Standpunt officier van justitie
De officier van justitie heeft gevorderd de vordering van de benadeelde partij geheel en hoofdelijk toe te wijzen, vermeerderd met de wettelijke rente en de oplegging van de schadevergoedingsmaatregel.
Standpunt verdediging
De raadsman van verdachte heeft primair bepleit om alle vorderingen niet-ontvankelijk te verklaren, nu de omvang van de vorderingen zich niet lenen voor een behandeling in een strafrechtelijke jeugdprocedure. Ter zitting heeft de raadsman per schadepost de vorderingen betwist. Hij heeft zich onder andere verzet tegen de gevorderde materiële schade, omdat de schadeposten niet duidelijk en ook niet gemotiveerd zijn met stukken en/of facturen. Hij heeft subsidiair verzocht om de kosten van de beschadigde kleding te matigen tot een bedrag van € 100,00 nu niet achterhaald kan worden hoeveel de kledingstukken daadwerkelijk hebben gekost. De raadsman vindt het daarnaast vreemd dat er geen bonnen zijn overlegd van de voorwerpen die voor de woning van de vader zijn aangeschaft. De schadeposten ten aanzien van het lesgeld door studievertraging en de inkomstenderving kan de raadsman in zijn geheel niet volgen. Hij heeft verzocht om deze vorderingen af te wijzen. De benadeelde partij heeft bij zijn verzoek om toekomstige schade uitsluitend de goede kansen meegewogen.

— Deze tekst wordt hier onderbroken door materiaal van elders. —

lemma qhom_simple_image:
  assumes M: "module_on act M" and g: "qhom act A B C D g" and nz: "\<exists>x\<in>B. g x \<notin> C"
    and s: "simple_sq act M A B" and C: "submod act M C" and D: "submod act M D" and CD: "C \<subseteq> D"
  shows "\<exists>V. simple_sq act M C V \<and> V \<subseteq> D \<and> sq_iso act A B C V"
proof -
  have A: "submod act M A" and B: "submod act M B" and AB: "A \<subseteq> B"
    and smax: "\<And>c. submod act M c \<Longrightarrow> A \<subseteq> c \<Longrightarrow> c \<subseteq> B \<Longrightarrow> c = A \<or> c = B"
    using s by (auto simp: simple_sq_def)
  define V where "V = ssum C (g ` B)"
  have V: "submod act M V" unfolding V_def using submod_ssum_qhom_image[OF M g A B C D CD] .
  have CV: "C \<subseteq> V"
    unfolding V_def
    using ssum_qhom_imageI[of _ g 0, OF submod_diff[OF C _ qhom_base[OF g submod_zero_mem[OF A]]]]
      submod_zero_mem[OF B] by blast
  have "g ` B \<subseteq> D" using qhom_mem[OF g] by blast
  then have VD: "V \<subseteq> D" unfolding V_def using ssum_least[OF D CD] by blast
  have gV: "qhom act A B C V g"
    using g ssum_qhom_imageI[of "g x" g x C B for x] submod_zero_mem[OF C] unfolding qhom_def V_def by auto
  have "{x\<in>B. g x \<in> C} = A"
    using smax[OF submod_qhom_preimage[OF g A B C C order.refl AB]] nz AB qhom_base[OF g] by blast
  then have "\<forall>x\<in>B. g x \<in> C \<longrightarrow> x \<in> A" by blast
  moreover have "\<exists>x\<in>B. y - g x \<in> C" if "y \<in> V" for y
  proof -
    from that obtain c x where "y = c + g x" "c \<in> C" "x \<in> B" unfolding V_def by (auto elim!: ssumE)
    then show ?thesis by force
  qed
  ultimately have iso: "sq_iso act A B C V" using gV unfolding sq_iso_def by blast
  then show ?thesis using simple_sq_transfer[OF iso s C V CV] VD by blast
qed

lemma qhom_projection:
  assumes M: "module_on act M" and T: "submod act M T" and E: "submod act M E"
    and g: "\<And>x. x \<in> ssum T E \<Longrightarrow> g x \<in> E \<and> x - g x \<in> T"
  shows "qhom act T (ssum T E) (T \<inter> E) E g"
proof -
  have unique: "g x - e \<in> T \<inter> E" if x: "x \<in> ssum T E" and e: "e \<in> E" "x - e \<in> T" for x e
  proof -
    have "g x - e \<in> E" using submod_diff[OF E _ e(1)] g[OF x] by blast
    moreover have "(x - e) - (x - g x) \<in> T" using submod_diff[OF T e(2)] g[OF x] by blast
    ultimately show ?thesis by simp
  qed
  have S: "submod act M (ssum T E)" using submod_ssum[OF M T E] .
  show ?thesis
    unfolding qhom_def
  proof (intro conjI ballI allI)
    fix x assume "x \<in> ssum T E"
    then show "g x \<in> E" using g by blast
  next
    fix x y assume x: "x \<in> ssum T E" and y: "y \<in> ssum T E"
    have "g x + g y \<in> E" using submod_add[OF E] g[OF x] g[OF y] by blast
    moreover have "(x - g x) + (y - g y) \<in> T" using submod_add[OF T] g[OF x] g[OF y] by blast
    then have "(x + y) - (g x + g y) \<in> T" by (simp add: algebra_simps)
    ultimately show "g (x + y) - (g x + g y) \<in> T \<inter> E"
      by (rule unique[OF submod_add[OF S x y]])
  next
    fix r x assume x: "x \<in> ssum T E"
    have "x \<in> M" "g x \<in> M" using x g[OF x] submod_subset[OF S] submod_subset[OF E] by auto
    then have "act r x - act r (g x) = act r (x - g x)" using act_diff[OF M] by simp
    then show "g (act r x) - act r (g x) \<in> T \<inter> E"
      using unique[OF submod_act[OF S x]] submod_act[OF E] submod_act[OF T] g[OF x] by simp
  next
    fix x assume "x \<in> T"
    then show "g x \<in> T \<inter> E"
      using unique[of x 0] ssum_upper1[OF submod_zero_mem[OF E]] submod_zero_mem[OF E] by auto
  qed
qed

De vordering gaat er immers vanuit dat hij, het misdrijf weggedacht, al zijn examens zou hebben behaald en meteen na het afstuderen een baan zou vinden. Dit uitgangspunt is door de huidige coronacrisis niet realistisch. Tot slot kan de raadsman zich vinden in het standpunt van de benadeelde partij om de mogelijke toekomstige schade van € 5.000,00 niet-ontvankelijk te verklaren.

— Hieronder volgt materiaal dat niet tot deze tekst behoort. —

lemma mixed_partials_commute:
  fixes f fu fv fuv fvu :: "real \<Rightarrow> real \<Rightarrow> real"
  assumes "0 < r"
    and fu: "\<And>u v. \<bar>u\<bar> < r \<Longrightarrow> \<bar>v\<bar> < r \<Longrightarrow> DERIV (\<lambda>u. f u v) u :> fu u v"
    and fv: "\<And>u v. \<bar>u\<bar> < r \<Longrightarrow> \<bar>v\<bar> < r \<Longrightarrow> DERIV (f u) v :> fv u v"
    and fuv: "\<And>u v. \<bar>u\<bar> < r \<Longrightarrow> \<bar>v\<bar> < r \<Longrightarrow> DERIV (fu u) v :> fuv u v"
    and fvu: "\<And>u v. \<bar>u\<bar> < r \<Longrightarrow> \<bar>v\<bar> < r \<Longrightarrow> DERIV (\<lambda>u. fv u v) u :> fvu u v"
    and cont_fuv: "isCont (\<lambda>p. fuv (fst p) (snd p)) (0, 0)"
    and cont_fvu: "isCont (\<lambda>p. fvu (fst p) (snd p)) (0, 0)"
  shows "fuv 0 0 = fvu 0 0"
proof -
  have close: "\<bar>fuv 0 0 - fvu 0 0\<bar> < e" if "e > 0" for e
  proof -
    obtain \<rho>1 where \<rho>1: "\<rho>1 > 0" "\<And>p. dist p (0, 0) < \<rho>1 \<Longrightarrow> \<bar>fuv (fst p) (snd p) - fuv 0 0\<bar> < e / 2"
      using cont_fuv \<open>e > 0\<close> unfolding continuous_at_eps_delta dist_real_def
      by (drule_tac x = "e / 2" in spec) auto
    obtain \<rho>2 where \<rho>2: "\<rho>2 > 0" "\<And>p. dist p (0, 0) < \<rho>2 \<Longrightarrow> \<bar>fvu (fst p) (snd p) - fvu 0 0\<bar> < e / 2"
      using cont_fvu \<open>e > 0\<close> unfolding continuous_at_eps_delta dist_real_def
      by (drule_tac x = "e / 2" in spec) auto
    define h where "h = min r (min \<rho>1 \<rho>2) / 2"
    have h: "0 < h" "h < r" "2 * h \<le> \<rho>1" "2 * h \<le> \<rho>2"
      using \<open>0 < r\<close> \<rho>1(1) \<rho>2(1) by (auto simp: h_def)
    have near: "dist (u, v) (0, 0) < 2 * h" if "u \<in> {0<..<h}" "v \<in> {0<..<h}" for u v
      using norm_Pair_le[of u v] that by (simp add: dist_norm)
    obtain \<xi> \<eta> \<xi>' \<eta>' where \<xi>: "\<xi> \<in> {0<..<h}" and \<eta>: "\<eta> \<in> {0<..<h}"
      and \<xi>': "\<xi>' \<in> {0<..<h}" and \<eta>': "\<eta>' \<in> {0<..<h}" and eq: "fuv \<xi> \<eta> = fvu \<xi>' \<eta>'"
      by (rule second_difference_both_orders[OF h(1,2) fu fv fuv fvu])
    have "\<bar>fuv \<xi> \<eta> - fuv 0 0\<bar> < e / 2"
      using \<rho>1(2)[of "(\<xi>, \<eta>)"] near[OF \<xi> \<eta>] h(3) by simp
    moreover have "\<bar>fvu \<xi>' \<eta>' - fvu 0 0\<bar> < e / 2"
      using \<rho>2(2)[of "(\<xi>', \<eta>')"] near[OF \<xi>' \<eta>'] h(4) by simp
    ultimately show ?thesis
      using eq by linarith
  qed
  show ?thesis
    using close[of "\<bar>fuv 0 0 - fvu 0 0\<bar>"] by (cases "fuv 0 0 = fvu 0 0") auto
qed

lemma open_contains_coordinate_square:
  fixes e :: "'a::real_normed_vector"
  assumes "open U" "(t, x) \<in> U"
  obtains r where "r > 0" "\<And>u v. \<bar>u\<bar> < r \<Longrightarrow> \<bar>v\<bar> < r \<Longrightarrow> (t + u, x + v *\<^sub>R e) \<in> U"
proof -
  define P where "P = (\<lambda>p::real \<times> real. (t + fst p, x + snd p *\<^sub>R e))"
  have "open (P -` U)"
    using assms(1) unfolding P_def by (intro continuous_on_open_vimage continuous_intros) auto
  moreover have "(0, 0) \<in> P -` U"
    using assms(2) by (simp add: P_def)
  ultimately obtain \<rho> where \<rho>: "\<rho> > 0" "ball (0, 0) \<rho> \<subseteq> P -` U"
    using open_contains_ball by blast
  have "(t + u, x + v *\<^sub>R e) \<in> U" if "\<bar>u\<bar> < \<rho> / 2" "\<bar>v\<bar> < \<rho> / 2" for u v
  proof -
    have "dist (0, 0) (u, v) < \<rho>"
      using norm_Pair_le[of "-u" "-v"] that by (simp add: dist_norm)
    then show ?thesis using \<rho>(2) by (auto simp: P_def)
  qed
  then show ?thesis
    using that[of "\<rho> / 2"] \<rho>(1) by simp
qed

lemma smooth_on_isCont_coordinate_square:
  assumes "open U" "(t, x) \<in> U" "smooth_on U F"
  shows "isCont (\<lambda>p. pds ds F (t + fst p) (x + snd p *\<^sub>R e)) (0, 0)"
proof -
  have "isCont (\<lambda>q. pds ds F (fst q) (snd q)) (t, x)"
    using assms continuous_on_eq_continuous_at unfolding smooth_on_def by blast
  moreover have "isCont (\<lambda>p::real \<times> real. (t + fst p, x + snd p *\<^sub>R e)) (0, 0)"
    by (intro continuous_intros)
  ultimately show ?thesis
    using isCont_o2 by fastforce
qed

lemma smooth_on_mixed_pds_commute:
  fixes F :: "'n::finite fld"
  assumes "open U" "(t, x) \<in> U" "smooth_on U F"
  shows "pds [None, Some j] F t x = pds [Some j, None] F t x"
proof -
  define e where "e = (axis j 1 :: real^'n)"
  obtain \<rho> where \<rho>: "\<rho> > 0" "\<And>u v. \<bar>u\<bar> < \<rho> \<Longrightarrow> \<bar>v\<bar> < \<rho> \<Longrightarrow> (t + u, x + v *\<^sub>R e) \<in> U"
    using open_contains_coordinate_square[OF assms(1,2)] by metis
  note cont = smooth_on_isCont_coordinate_square[OF assms, of _ e]
  have dt: "DERIV (\<lambda>u. pds ds F (t + u) (x + v *\<^sub>R e)) u :> pds (None # ds) F (t + u) (x + v *\<^sub>R e)"
    if "\<bar>u\<bar> < \<rho>" "\<bar>v\<bar> < \<rho>" for u v ds
    using smooth_on_has_pd[OF assms(3) \<rho>(2)[OF that], of None ds] by (simp add: has_pd_None_shift)
  have dv: "DERIV (\<lambda>v. pds ds F (t + u) (x + v *\<^sub>R e)) v :> pds (Some j # ds) F (t + u) (x + v *\<^sub>R e)"
    if "\<bar>u\<bar> < \<rho>" "\<bar>v\<bar> < \<rho>" for u v ds
    using smooth_on_has_pd[OF assms(3) \<rho>(2)[OF that], of "Some j" ds]
    by (simp add: has_pd_Some_shift e_def)
  have "pds [Some j, None] F (t + 0) (x + 0 *\<^sub>R e) = pds [None, Some j] F (t + 0) (x + 0 *\<^sub>R e)"
  proof (rule mixed_partials_commute[where f = "\<lambda>u v. F (t + u) (x + v *\<^sub>R e)"
        and fu = "\<lambda>u v. pds [None] F (t + u) (x + v *\<^sub>R e)"
        and fv = "\<lambda>u v. pds [Some j] F (t + u) (x + v *\<^sub>R e)"
        and fuv = "\<lambda>u v. pds [Some j, None] F (t + u) (x + v *\<^sub>R e)"
        and fvu = "\<lambda>u v. pds [None, Some j] F (t + u) (x + v *\<^sub>R e)"])
    show "0 < \<rho>" by (rule \<rho>(1))
  qed (use dt[of _ _ "[]"] dt[of _ _ "[Some j]"] dv[of _ _ "[]"] dv[of _ _ "[None]"]
    cont[of "[Some j, None]"] cont[of "[None, Some j]"] in simp_all)
  then show ?thesis by simp
qed

section \<open>A Ricci flow in a chart\<close>

lemma sum_UNIV_option:
  "(\<Sum>a\<in>(UNIV::'n::finite option set). f a) = f None + (\<Sum>i\<in>UNIV. f (Some i))"
  by (simp add: UNIV_option_conv sum.reindex)

lemma gtil_Some_Some [simp]: "gtil g \<epsilon> \<delta> (Some i) (Some j) = g i j"
  and gtil_None_Some [simp]: "gtil g \<epsilon> \<delta> None (Some j) = (\<lambda>s y. 0)"
  and gtil_Some_None [simp]: "gtil g \<epsilon> \<delta> (Some i) None = (\<lambda>s y. 0)"
  by (simp_all add: gtil_def)

locale ricci_flow_chart =
  fixes g :: "'n::finite \<Rightarrow> 'n \<Rightarrow> 'n fld"
    and U :: "(real \<times> (real^'n)) set"
    and \<epsilon> \<delta> t :: real and x :: "real^'n"
  assumes U_open: "open U"
    and U_time: "U \<subseteq> {0<..} \<times> UNIV"
    and g_smooth: "\<And>i j. smooth_on U (g i j)"
    and g_sym: "\<And>i j s y. (s, y) \<in> U \<Longrightarrow> g i j s y = g j i s y"
    and g_pos: "\<And>s y. (s, y) \<in> U \<Longrightarrow> posdef_at g s y"
    and ricci_flow: "\<And>i j s y. (s, y) \<in> U \<Longrightarrow>
        ((\<lambda>r. g i j r y) has_real_derivative (-2 * Ric g i j s y)) (at s)"
    and del: "\<delta> > 0"
    and pt: "(t, x) \<in> U"
    and gtil_pos: "posdef_at (gtil g \<epsilon> \<delta>) t x"
begin

definition g00 :: "'n fld" where
  "g00 = (\<lambda>s y. Scal g s y + \<epsilon> / (2 * (s + \<delta>)))"

lemma gtil_None_None [simp]: "gtil g \<epsilon> \<delta> None None = g00"
  by (simp add: gtil_def g00_def)

lemma det_g_nonzero: "(s, y) \<in> U \<Longrightarrow> det (\<chi> i j. g i j s y) \<noteq> 0"
  by (rule posdef_at_det_nonzero[OF g_pos])

lemma ginv_g: "(s, y) \<in> U \<Longrightarrow> (\<Sum>b\<in>UNIV. ginv g l b s y * g b m s y) = (if l = m then 1 else 0)"
  using matrix_inv_det_nonzero(2)[OF det_g_nonzero, of s y]
  by (auto simp: ginv_def vec_eq_iff matrix_matrix_mult_def mat_def)

lemma g_ginv: "(s, y) \<in> U \<Longrightarrow> (\<Sum>b\<in>UNIV. g l b s y * ginv g b m s y) = (if l = m then 1 else 0)"
  using matrix_inv_det_nonzero(1)[OF det_g_nonzero, of s y]
  by (auto simp: ginv_def vec_eq_iff matrix_matrix_mult_def mat_def)

lemma ginv_sym: "(s, y) \<in> U \<Longrightarrow> ginv g a b s y = ginv g b a s y"
  unfolding ginv_def
  by (rule matrix_inv_symmetric[OF det_g_nonzero]) (auto simp: transpose_def vec_eq_iff g_sym)

lemma pd_g_sym: "(s, y) \<in> U \<Longrightarrow> pd d (g a b) s y = pd d (g b a) s y"
  by (rule pd_cong_open[OF U_open]) (auto simp: g_sym)

lemma has_pd_pds_g: "(s, y) \<in> U \<Longrightarrow> has_pd d (pds ds (g i j)) s y (pds (d # ds) (g i j) s y)"
  by (rule smooth_on_has_pd[OF g_smooth])

lemma pd_differentiable_pds_g: "(s, y) \<in> U \<Longrightarrow> pd_differentiable d (pds ds (g i j)) s y"
  using has_pd_pds_g by (rule has_pd_imp_pd_differentiable)

lemma pd_differentiable_g: "(s, y) \<in> U \<Longrightarrow> pd_differentiable d (g i j) s y"
  using pd_differentiable_pds_g[of s y d "[]"] by simp

lemma pd_differentiable_ginv:
  assumes "(s, y) \<in> U"
  shows "pd_differentiable d (ginv g a b) s y"
proof -
  let ?cofactor = "\<lambda>s y. det ((\<chi> i j. if j = a then (if i = b then 1 else 0) else g i j s y) :: real^'n^'n)"
  have "pd_differentiable d (\<lambda>s y. if j = a then (if i = b then 1 else 0) else g i j s y) s y" for i j
    using assms by (cases "j = a"; cases "i = b") (simp_all add: pd_differentiable_g)
  then have "pd_differentiable d (\<lambda>s y. ?cofactor s y / det (\<chi> i j. g i j s y)) s y"
    using assms
    by (intro pd_differentiable_divide pd_differentiable_det det_g_nonzero pd_differentiable_g)
  moreover have "ginv g a b s' y' = ?cofactor s' y' / det (\<chi> i j. g i j s' y')" if "(s', y') \<in> U" for s' y'
    unfolding ginv_def by (rule matrix_inv_cramer[OF det_g_nonzero[OF that]])
  ultimately show ?thesis
    by (subst pd_differentiable_cong_open[OF U_open assms,
          where G = "\<lambda>s y. ?cofactor s y / det (\<chi> i j. g i j s y)"]) auto
qed

lemma pd_ginv:
  assumes "(s, y) \<in> U"
  shows "pd d (ginv g l m) s y = - (\<Sum>a\<in>UNIV. \<Sum>b\<in>UNIV. ginv g l a s y * pd d (g a b) s y * ginv g b m s y)"
proof (rule solve_inverse_product_rule[where A = "\<lambda>a b. g a b s y"])
  show "(\<Sum>b\<in>UNIV. pd d (g a b) s y * ginv g b c s y + g a b s y * pd d (ginv g b c) s y) = 0" for a c
  proof -
    have product_rule: "has_pd d (\<lambda>s y. \<Sum>b\<in>UNIV. g a b s y * ginv g b c s y) s y
        (\<Sum>b\<in>UNIV. pd d (g a b) s y * ginv g b c s y + g a b s y * pd d (ginv g b c) s y)"
      using assms
      by (intro has_pd_sum has_pd_mult pd_differentiable_has_pd pd_differentiable_g pd_differentiable_ginv)
    have "has_pd d (\<lambda>s y. \<Sum>b\<in>UNIV. g a b s y * ginv g b c s y) s y 0 \<longleftrightarrow>
        has_pd d (\<lambda>s y. if a = c then 1 else 0) s y 0"
      by (rule has_pd_cong_open[OF U_open assms]) (simp add: g_ginv)
    then have "has_pd d (\<lambda>s y. \<Sum>b\<in>UNIV. g a b s y * ginv g b c s y) s y 0"
      using has_pd_const by blast
    then have "pd d (\<lambda>s y. \<Sum>b\<in>UNIV. g a b s y * ginv g b c s y) s y = 0"
      by (rule has_pd_imp_pd)
    with has_pd_imp_pd[OF product_rule] show ?thesis
      by simp
  qed
  show "(\<Sum>a\<in>UNIV. ginv g l a s y * g a b s y) = (if l = b then 1 else 0)" for l b
    by (rule ginv_g[OF assms])
qed

lemma pd_time_g: "(s, y) \<in> U \<Longrightarrow> pd None (g i j) s y = -2 * Ric g i j s y"
  unfolding pd_def using DERIV_imp_deriv[OF ricci_flow] by simp

lemma Ric_eq_pd_time: "(s, y) \<in> U \<Longrightarrow> Ric g i j s y = -(1/2) * pd None (g i j) s y"
  by (simp add: pd_time_g)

Ten aanzien van de immateriële schade heeft de raadsman bepleit om gezien de juridische positie van verdachte, zijn (vermeende) aandeel bij het ten laste gelegde en zijn uitvoerige excuusbrief (die hij heeft voorgelezen tijdens de raadkamerzitting van 2 september 2020) de vordering van € 25.000,00 aanzienlijk te matigen. Verdachte is niet degene geweest die de beelden van het slachtoffer heeft verspreid, hij is niet te zien op de videoclip die gerelateerd wordt aan het incident en hij heeft ook geen raps opgenomen met de drillrapgroep ‘ [naam drillrapgroep 3] ’ over de (medische) toestand van het slachtoffer.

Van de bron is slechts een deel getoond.